В течение 1931-1933 годов умерли от голода, холода и сопутствующих им болезней (тиф, холера) по разным данным более 1 млн 750 тыс. казахов и около 250 тыс. казахстанцев других национальностей – русских, украинцев, уйгуров. Все 20-е и 30-е годы в Казахстане то там, то здесь вспыхивали бунты против порядков советской власти. Примечательно, что в восстаниях участвовали не только казахи, но и русские, и киргизы, и узбеки, которые пострадали от новой власти не меньше. Массовые выступления были ответом на проводимую большевиками политику коллективизации, в ходе которой насильственным путем внедрялся неэффективный для традиционного кочевого общества хозяйственный механизм.

Советское правительство того времени очень напоминало озверевшего неврастеника, который, не имея ни образования, ни мало-мальски серьезного жизненного опыта, требовал себе всё по принципу «вынь да положь». Большевики решили всего за несколько лет превратить кочевников и полукочевников с их особыми культурными традициями, уходящими в глубь столетий, в оседлых земледельцев.


Когда специалисты за несколько лет до начала кампании коллективизации говорили, что казахи абсолютно к ней не готовы, сверху твердили: «…необходимо искоренить экономическую икультурную отсталость кочевых народов…»


Когда большинство агрономов подчеркивали, что казахское скотоводческое хозяйство регулируется клановыми отношениями, и их разрушение опасно с экономической точки зрения, те, наставив револьвер, парировали: «Переход к оседлости означает ликвидацию байского полуфеодализма…»


Когда знатоки местных условий объясняли, что скотоводческие районы страны непригодны для выращивания зерна, у большевиков уже были свои виды на Казахстан как на потенциальный источник продовольственных резервов для всей советской Сибири и Дальнего Востока. А перевод кочевников к оседлости был задуман с целью получения огромного количества хлеба с земель Южного Казахстана.


Эти факты ставят преступления Советской власти в Казахстане в 1920-30-х годах в один ряд с самыми ужасными преступлениями против человечества.

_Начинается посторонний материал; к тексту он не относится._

lemma R_mult_scaleR: "R_mult J mu (c *\<^sub>R xi) i = c * R_mult J mu xi i"
  by (simp add: R_mult_eq_inner)

lemma R_mult_axis: "R_mult J mu (axis j 1) i = (if j \<in> J \<and> fst j = i then mu j else 0)"
  by (simp add: R_mult_eq_inner inner_axis R_row_def)

lemma G_mult_add: "G_mult J (xi + xi') k = G_mult J xi k + G_mult J xi' k"
  by (simp add: G_mult_eq_inner inner_add_right)

lemma G_mult_scaleR: "G_mult J (c *\<^sub>R xi) k = c * G_mult J xi k"
  by (simp add: G_mult_eq_inner)

lemma G_mult_axis: "G_mult J (axis j 1) k = (if j \<in> J \<and> snd j = k then 1 else 0)"
  by (simp add: G_mult_eq_inner inner_axis G_row_def)

lemma G_mult_nonneg: "\<forall>j. 0 \<le> xi $ j \<Longrightarrow> 0 \<le> G_mult J xi k"
  unfolding G_mult_def by (simp add: sum_nonneg)

lemma polyhedron_lp_feasible: "polyhedron {xi. lp_feasible J mu lam xi rho}"
proof -
  have "{xi. lp_feasible J mu lam xi rho} =
      (\<Inter>i. {xi. R_row J mu i \<bullet> xi = lam i}) \<inter> (\<Inter>k. {xi. G_row J k \<bullet> xi \<le> rho}) \<inter>
      (\<Inter>j. {xi. axis j 1 \<bullet> xi \<ge> 0}) \<inter> (\<Inter>j\<in>-J. {xi. axis j 1 \<bullet> xi = 0})"
    by (auto simp: lp_feasible_def R_mult_eq_inner G_mult_eq_inner inner_axis')
  moreover have "polyhedron \<dots>"
    by (intro polyhedron_Int polyhedron_Inter)
       (auto simp: polyhedron_hyperplane polyhedron_halfspace_le polyhedron_halfspace_ge)
  ultimately show ?thesis by simp
qed

lemma bounded_lp_feasible:
  fixes J :: "('i::finite \<times> 'k::finite) set"
  shows "bounded {xi. lp_feasible J mu lam xi rho}"
proof -
  have "\<bar>xi $ j\<bar> \<le> \<bar>rho\<bar>" if "lp_feasible J mu lam xi rho" for xi j
  proof (cases "j \<in> J")
    case True
    obtain i k where j: "j = (i,k)" by fastforce
    have "xi $ (i,k) \<le> G_mult J xi k"
      unfolding G_mult_def using that True j by (intro member_le_sum) (auto simp: lp_feasible_def)
    also have "\<dots> \<le> rho" using that by (simp add: lp_feasible_def)
    finally show ?thesis using that j by (simp add: lp_feasible_def)
  qed (use that in \<open>cases j, auto simp: lp_feasible_def\<close>)
  then have "norm xi \<le> CARD('i \<times> 'k) * \<bar>rho\<bar>" if "lp_feasible J mu lam xi rho" for xi
    using that order_trans[OF norm_le_l1_cart sum_mono[of UNIV "\<lambda>j. \<bar>xi $ j\<bar>" "\<lambda>_. \<bar>rho\<bar>"]]
    by simp
  then show ?thesis unfolding bounded_iff by blast
qed

lemma bounded_polyhedron_convex_hull_extreme_points:
  fixes S :: "'a::euclidean_space set"
  assumes "polyhedron S" "bounded S"
  shows "finite {x. x extreme_point_of S}" "S = convex hull {x. x extreme_point_of S}"
proof -
  show "finite {x. x extreme_point_of S}" using finite_polyhedron_extreme_points[OF assms(1)] .
  have "compact S" using assms by (simp add: compact_eq_bounded_closed polyhedron_imp_closed)
  then show "S = convex hull {x. x extreme_point_of S}"
    using Krein_Milman_Minkowski polyhedron_imp_convex[OF assms(1)] by blast
qed

lemma S_LP_eq_lp_feasible:
  assumes "\<exists>xi. lp_optimal J mu lam xi 1"
  shows "S_LP J mu lam = {xi. lp_feasible J mu lam xi 1}"
  using assms unfolding S_LP_def lp_optimal_def by auto

lemma S_LP_convex_hull_extreme_points:
  fixes J :: "('i::finite \<times> 'k::finite) set"
  assumes "\<exists>xi. lp_optimal J mu lam xi 1"
  shows "\<exists>E. finite E \<and> (\<forall>e\<in>E. e extreme_point_of S_LP J mu lam) \<and> S_LP J mu lam = convex hull E"
proof (intro exI conjI)
  have "polyhedron (S_LP J mu lam)" "bounded (S_LP J mu lam)"
    unfolding S_LP_eq_lp_feasible[OF assms] by (rule polyhedron_lp_feasible bounded_lp_feasible)+
  then show "finite {x. x extreme_point_of S_LP J mu lam}"
    and "S_LP J mu lam = convex hull {x. x extreme_point_of S_LP J mu lam}"
    by (rule bounded_polyhedron_convex_hull_extreme_points)+
qed simp

lemma lp_feasible_class_served:
  assumes "lp_feasible J mu lam xi rho" "0 < lam i"
  shows "\<exists>k. (i,k) \<in> J \<and> 0 < xi $ (i,k)"
proof (rule ccontr)
  assume "\<not> ?thesis"
  moreover have "0 \<le> xi $ j" for j using assms(1) unfolding lp_feasible_def by blast
  ultimately have "R_mult J mu xi i = 0"
    unfolding R_mult_def by (intro sum.neutral) (force simp: order.order_iff_strict)
  with assms show False by (simp add: lp_feasible_def)
qed

section \<open>Weak duality and complementary slackness\<close>

lemma sum_activities_by_class:
  fixes J :: "('i::finite \<times> 'k::finite) set"
  shows "(\<Sum>i\<in>UNIV. \<Sum>k\<in>{k. (i,k) \<in> J}. f (i,k)) = (\<Sum>j\<in>J. f j)"
proof -
  have "Sigma UNIV (\<lambda>i. {k. (i,k) \<in> J}) = J" by auto
  then show ?thesis by (simp add: sum.Sigma)
qed

lemma sum_activities_by_server:
  fixes J :: "('i::finite \<times> 'k::finite) set"
  shows "(\<Sum>k\<in>UNIV. \<Sum>i\<in>{i. (i,k) \<in> J}. f (i,k)) = (\<Sum>j\<in>J. f j)"
  using sum.swap_restrict[of UNIV UNIV "\<lambda>k i. f (i,k)" "\<lambda>k i. (i,k) \<in> J"]
  by (simp add: sum_activities_by_class)

lemma sum_R_mult:
  fixes J :: "('i::finite \<times> 'k::finite) set"
  shows "(\<Sum>i\<in>UNIV. y $ i * R_mult J mu xi i) = (\<Sum>j\<in>J. y $ fst j * mu j * xi $ j)"
  unfolding R_mult_def sum_distrib_left
  using sum_activities_by_class[where f="\<lambda>j. y $ fst j * mu j * xi $ j"] by (simp add: mult.assoc)

lemma sum_G_mult:
  fixes J :: "('i::finite \<times> 'k::finite) set"
  shows "(\<Sum>k\<in>UNIV. z $ k * G_mult J xi k) = (\<Sum>j\<in>J. z $ snd j * xi $ j)"
  unfolding G_mult_def sum_distrib_left
  using sum_activities_by_server[where f="\<lambda>j. z $ snd j * xi $ j"] by simp

lemma lp_dual_gap:
  fixes J :: "('i::finite \<times> 'k::finite) set"
  shows "(\<Sum>k\<in>UNIV. z $ k * G_mult J xi k) - (\<Sum>i\<in>UNIV. y $ i * R_mult J mu xi i)
    = (\<Sum>j\<in>J. (z $ snd j - y $ fst j * mu j) * xi $ j)"
  by (simp add: sum_R_mult sum_G_mult sum_subtractf[symmetric] left_diff_distrib)

lemma lp_dual_gap_nonneg:
  assumes "dual_feasible J mu y z" "j \<in> J" "0 \<le> xi $ j"
  shows "0 \<le> (z $ snd j - y $ fst j * mu j) * xi $ j"
  using assms by (cases j) (auto simp: dual_feasible_def)

lemma weak_duality:
  fixes J :: "('i::finite \<times> 'k::finite) set"
  assumes dual: "dual_feasible J mu y z" and primal: "lp_feasible J mu lam xi rho"
  shows "dual_obj lam y \<le> rho"
proof -
  have xi_nonneg: "0 \<le> xi $ j" for j using primal unfolding lp_feasible_def by blast
  have "dual_obj lam y = (\<Sum>i\<in>UNIV. y $ i * R_mult J mu xi i)"
    using primal by (simp add: dual_obj_def lp_feasible_def)
  also have "\<dots> \<le> (\<Sum>k\<in>UNIV. z $ k * G_mult J xi k)"
  proof -
    have "0 \<le> (\<Sum>j\<in>J. (z $ snd j - y $ fst j * mu j) * xi $ j)"
      by (intro sum_nonneg lp_dual_gap_nonneg[OF dual _ xi_nonneg])
    then show ?thesis using lp_dual_gap[of z J xi y mu] by simp
  qed
  also have "\<dots> \<le> (\<Sum>k\<in>UNIV. z $ k * rho)"
    using dual primal by (intro sum_mono mult_left_mono) (auto simp: dual_feasible_def lp_feasible_def)
  also have "\<dots> = rho"
    using dual by (simp add: dual_feasible_def sum_distrib_right[symmetric])
  finally show ?thesis .
qed

lemma complementary_slackness:
  fixes J :: "('i::finite \<times> 'k::finite) set"
  assumes dual: "dual_feasible J mu y z" and primal: "lp_feasible J mu lam xi rho"
    and full_load: "\<forall>k. G_mult J xi k = rho" and obj: "dual_obj lam y = rho"
    and "(i,k) \<in> J" "0 < xi $ (i,k)"
  shows "y $ i * mu (i,k) = z $ k"
proof -
  have "(\<Sum>j\<in>J. (z $ snd j - y $ fst j * mu j) * xi $ j)
      = (\<Sum>k\<in>UNIV. z $ k * G_mult J xi k) - (\<Sum>i\<in>UNIV. y $ i * R_mult J mu xi i)"
    by (rule lp_dual_gap[symmetric])
  also have "\<dots> = 0"
    using dual primal full_load obj
    by (simp add: dual_feasible_def lp_feasible_def dual_obj_def sum_distrib_right[symmetric])
  finally have gap_zero: "(\<Sum>j\<in>J. (z $ snd j - y $ fst j * mu j) * xi $ j) = 0" .
  have "0 \<le> xi $ j" for j using primal unfolding lp_feasible_def by blast
  then have "\<forall>j\<in>J. (z $ snd j - y $ fst j * mu j) * xi $ j = 0"
    using gap_zero lp_dual_gap_nonneg[OF dual] by (simp add: sum_nonneg_eq_0_iff)
  then have "(z $ k - y $ i * mu (i,k)) * xi $ (i,k) = 0" using \<open>(i,k) \<in> J\<close> by fastforce
  then show ?thesis using \<open>0 < xi $ (i,k)\<close> by simp
qed

lemma potentially_basic_dual_tight:
  fixes J :: "('i::finite \<times> 'k::finite) set"
  assumes opt_val: "\<exists>xi. lp_optimal J mu lam xi 1"
    and full_load: "\<forall>xi\<in>S_LP J mu lam. \<forall>k. G_mult J xi k = 1"
    and dual: "dual_feasible J mu y z" and obj: "dual_obj lam y = 1"
    and "potentially_basic J mu lam (i,k)"
  shows "y $ i * mu (i,k) = z $ k"
proof -
  obtain xi where "xi \<in> S_LP J mu lam" "(i,k) \<in> J" "0 < xi $ (i,k)"
    using assms(5) unfolding potentially_basic_def by blast
  then show ?thesis
    using complementary_slackness[OF dual _ _ obj] full_load S_LP_eq_lp_feasible[OF opt_val] by blast
qed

В целом политику «малого

Октября», коллективизацию, сократившие численность казахов наполовину, можно считать неприкрытым геноцидом. Одновременно власти привозили на «освободившиеся» от казахов земли тысячи репрессированных и раскулаченных из других регионов СССР.


Большевики, в большинстве своем вчерашние необразованные социальные голодранцы, ни к каким доводам не прислушивались, и казахи сопротивлялись, как могли. К декабрю 1931 года на территории Казахстана уже насчитывалось 15 крупных и около 400 мелких крестьянских выступлений, в которых участвовало около 80 тыс. человек. Большинство из них носило характер вооруженных восстаний. Люди гибли и от пуль, и от неурожая и голода.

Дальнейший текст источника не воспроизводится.